Xu Hu, Cao Wen-Zhe, Bai Yong-Yi, Dong Jing, Che He-Bin, Bai Po, Wang Jian-Dong, Cao Feng, Fan Li
Chinese PLA Medical School, Chinese PLA General Hospital, Beijing, China.
Department of Cardiology, the Second Medical Center, National Clinical Research Center for Geriatric Diseases, Chinese PLA General Hospital, Beijing, China.
J Geriatr Cardiol. 2022 Jun 28;19(6):445-455. doi: 10.11909/j.issn.1671-5411.2022.06.006.
To establish a prediction model of coronary heart disease (CHD) in elderly patients with diabetes mellitus (DM) based on machine learning (ML) algorithms.
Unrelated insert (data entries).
lemma frame_coord_frame_tensor:
  assumes "frame_supported n z"
  shows "frame_coord (frame_tensor z) = z"
proof (intro ext)
  fix A B
  let ?I = "fidx_set n" and ?L = "\<lambda>A. lower g (E (dual_idx A))"
  show "frame_coord (frame_tensor z) A B = z A B"
  proof (cases "A \<in> ?I \<and> B \<in> ?I")
    case True
    have "frame_coord (frame_tensor z) A B = (\<Sum>c\<in>UNIV. \<Sum>d\<in>UNIV. (?L A $ c * ?L B $ d) *
        (\<Sum>C\<in>?I. \<Sum>D\<in>?I. z C D * (E C $ c * E D $ d)))"
      unfolding frame_coord_def frame_tensor_def using True by (simp add: mult.commute)
    also have "\<dots> = (\<Sum>C\<in>?I. \<Sum>D\<in>?I. z C D *
        ((\<Sum>c\<in>UNIV. ?L A $ c * E C $ c) * (\<Sum>d\<in>UNIV. ?L B $ d * E D $ d)))"
      by (subst sum2_mult_sum2_swap) (simp add: sum_product mult_ac)
    also have "\<dots> = (\<Sum>C\<in>?I. \<Sum>D\<in>?I. z C D *
        (gform g (E (dual_idx A)) (E C) * gform g (E (dual_idx B)) (E D)))"
      by (simp add: gform_eq_inner_lower inner_vec_def)
    also have "\<dots> = (\<Sum>C\<in>?I. \<Sum>D\<in>?I. if D = B then (if C = A then z C D else 0) else 0)"
      using True by (intro sum.cong refl) (auto simp: gform_frame_dual)
    also have "\<dots> = z A B" using True by simp
    finally show ?thesis .
  next
    case False
    then show ?thesis using assms by (auto simp: frame_coord_def frame_supported_def)
  qed
qed

lemma contract_ginv_lower:
  "(\<Sum>a\<in>UNIV. \<Sum>b\<in>UNIV. (\<Sum>e\<in>UNIV. \<Sum>f\<in>UNIV. ginv g a e * ginv g b f * W e f) *
      (lower g u $ a * lower g v $ b)) = (\<Sum>e\<in>UNIV. \<Sum>f\<in>UNIV. u $ e * v $ f * W e f)"
proof -
  have "(\<Sum>a\<in>UNIV. \<Sum>b\<in>UNIV. (\<Sum>e\<in>UNIV. \<Sum>f\<in>UNIV. ginv g a e * ginv g b f * W e f) *
      (lower g u $ a * lower g v $ b)) = (\<Sum>a\<in>UNIV. \<Sum>b\<in>UNIV. (lower g u $ a * lower g v $ b) *
      (\<Sum>e\<in>UNIV. \<Sum>f\<in>UNIV. W e f * (ginv g a e * ginv g b f)))"
    by (intro sum.cong refl) (simp add: mult_ac)
  also have "\<dots> = (\<Sum>e\<in>UNIV. \<Sum>f\<in>UNIV. W e f *
      ((\<Sum>a\<in>UNIV. ginv g a e * lower g u $ a) * (\<Sum>b\<in>UNIV. ginv g b f * lower g v $ b)))"
    by (subst sum2_mult_sum2_swap) (simp add: sum_product mult_ac)
  also have "\<dots> = (\<Sum>e\<in>UNIV. \<Sum>f\<in>UNIV. u $ e * v $ f * W e f)"
    by (simp add: sum_ginv_lower mult_ac)
  finally show ?thesis .
qed
lemma finite_perfect_matchings: "finite S \<Longrightarrow> finite {P. perfect_matching S P}"
  by (rule finite_subset[of _ "Pow (Pow S)"]) (auto dest: perfect_matching_subset)

lemma perfect_matching_finite: "finite S \<Longrightarrow> perfect_matching S P \<Longrightarrow> finite P"
  by (rule finite_subset[of _ "Pow S"]) (auto dest: perfect_matching_subset)

definition matching_rel :: "'a set set \<Rightarrow> 'a rel" where
  "matching_rel P = {(x, y). \<exists>p\<in>P. x \<in> p \<and> y \<in> p \<and> x \<noteq> y}"

lemma sym_matching_rel: "sym (matching_rel P)"
  unfolding matching_rel_def sym_def by blast

lemma matching_rel_insert:
  "x \<noteq> y \<Longrightarrow> matching_rel (insert {x, y} P) = matching_rel P \<union> {(x, y), (y, x)}"
  unfolding matching_rel_def by blast

lemma matching_rel_subset: "perfect_matching T P \<Longrightarrow> matching_rel P \<subseteq> T \<times> T"
  unfolding matching_rel_def by (blast dest: perfect_matching_subset)

lemma matching_rel_partner:
  assumes pm: "perfect_matching T P" and xy: "(x, y) \<in> matching_rel P"
  shows "x \<in> T" "y = partner P x"
proof -
  obtain p where p: "p \<in> P" "x \<in> p" "y \<in> p" "x \<noteq> y"
    using xy unfolding matching_rel_def by auto
  then show "x \<in> T" using perfect_matching_subset[OF pm] by blast
  show "y = partner P x" using p partner_block[OF pm p(1,2)] by auto
qed

lemma card_partner_both:
  assumes pm: "perfect_matching T P"
  shows "card {x \<in> T. \<phi> x \<and> \<phi> (partner P x)} = 2 * card {p \<in> P. \<forall>h\<in>p. \<phi> h}"
proof -
  let ?A = "{p \<in> P. \<forall>h\<in>p. \<phi> h}"
  have "{x \<in> T. \<phi> x \<and> \<phi> (partner P x)} = \<Union> ?A"
  proof
    show "{x \<in> T. \<phi> x \<and> \<phi> (partner P x)} \<subseteq> \<Union> ?A"
      using partner(1)[OF pm] by blast
    show "\<Union> ?A \<subseteq> {x \<in> T. \<phi> x \<and> \<phi> (partner P x)}"
      using partner_block[OF pm] perfect_matching_subset[OF pm] by blast
  qed
  moreover have two: "card p = 2" if "p \<in> ?A" for p
    using that pm unfolding perfect_matching_def by blast
  moreover have "card (\<Union> ?A) = (\<Sum>p\<in>?A. card p)"
  proof (rule card_Union_disjoint)
    show "pairwise disjnt ?A"
      unfolding pairwise_def disjnt_def using perfect_matching_unique[OF pm] by blast
  qed (use two in \<open>auto intro: card_ge_0_finite\<close>)
  ultimately show ?thesis by simp
qed

lemma card_partner_mixed:
  assumes pm: "perfect_matching T P"
  shows "card {x \<in> T. \<phi> x \<and> \<not> \<phi> (partner P x)} = card {x \<in> T. \<not> \<phi> x \<and> \<phi> (partner P x)}"
  by (rule bij_betw_same_card[of "partner P"], rule bij_betw_byWitness[where f' = "partner P"])
    (use partner_partner[OF pm] partner(3)[OF pm] in auto)
(* Let $d\ge1$ and $\theta\in[0,\pi)$. Let $a,b$ be independent $\chi_d$-distributed random variables, and let $W=\sqrt{a^2+b^2+2ab\cos\theta}$ (equivalently, $W=\|\boldsymbol{w}_i+\boldsymbol{w}_j\|_2$ for random vectors $\boldsymbol{w}_i,\boldsymbol{w}_j\in\mathbb{R}^d$ with independent $\chi_d$-distributed norms $a,b$ conditioned to subtend the fixed angle $\theta$). Then $W$ has probability density, for $w\ge0$, $$p_\theta(w)=\frac{w^{2d-1}}{2^{d-2}\Gamma(\frac d2)^2}\int_{0}^{\pi/2}(\sin\phi\cos\phi)^{d-1}\frac{\exp\!\Big(-\frac{w^2}{2(1+\sin2\phi\cos\theta)}\Big)}{(1+\sin2\phi\cos\theta)^{d}}\,\mathrm{d}\phi.$$
   Context: The $\chi_d$ distribution is the law of the Euclidean norm of a $\mathcal{N}(0,\mathbf{I}_d)$ vector, with density $\frac{x^{d-1}e^{-x^2/2}}{2^{d/2-1}\Gamma(d/2)}$ on $x\ge0$. *)

theory Defs
  imports "HOL-Probability.Probability"
begin

definition chi_density :: "nat \<Rightarrow> real \<Rightarrow> real" where
  "chi_density d x =
     (if 0 \<le> x then x ^ (d - 1) * exp (- (x\<^sup>2) / 2) / (2 powr (real d / 2 - 1) * Gamma (real d / 2))
      else 0)"

definition p_theta :: "nat \<Rightarrow> real \<Rightarrow> real \<Rightarrow> real" where
  "p_theta d \<theta> w =
     (if 0 \<le> w then
        w ^ (2 * d - 1) / (2 powr (real d - 2) * (Gamma (real d / 2))\<^sup>2) *
        (LBINT \<phi>=0..pi/2. (sin \<phi> * cos \<phi>) ^ (d - 1) *
            exp (- (w\<^sup>2) / (2 * (1 + sin (2 * \<phi>) * cos \<theta>))) /
            (1 + sin (2 * \<phi>) * cos \<theta>) ^ d)
      else 0)"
Based on the Medical Big Data Research Centre of Chinese PLA General Hospital in Beijing, China, we identified a cohort of elderly inpatients (≥ 60 years), including 10,533 patients with DM complicated with CHD and 12,634 patients with DM without CHD, from January 2008 to December 2017. We collected demographic characteristics and clinical data. After selecting the important features, we established five ML models, including extreme gradient boosting (XGBoost), random forest (RF), decision tree (DT), adaptive boosting (Adaboost) and logistic regression (LR). We compared the receiver operating characteristic curves, area under the curve (AUC) and other relevant parameters of different models and determined the optimal classification model. The model was then applied to 7447 elderly patients with DM admitted from January 2018 to December 2019 to further validate the performance of the model.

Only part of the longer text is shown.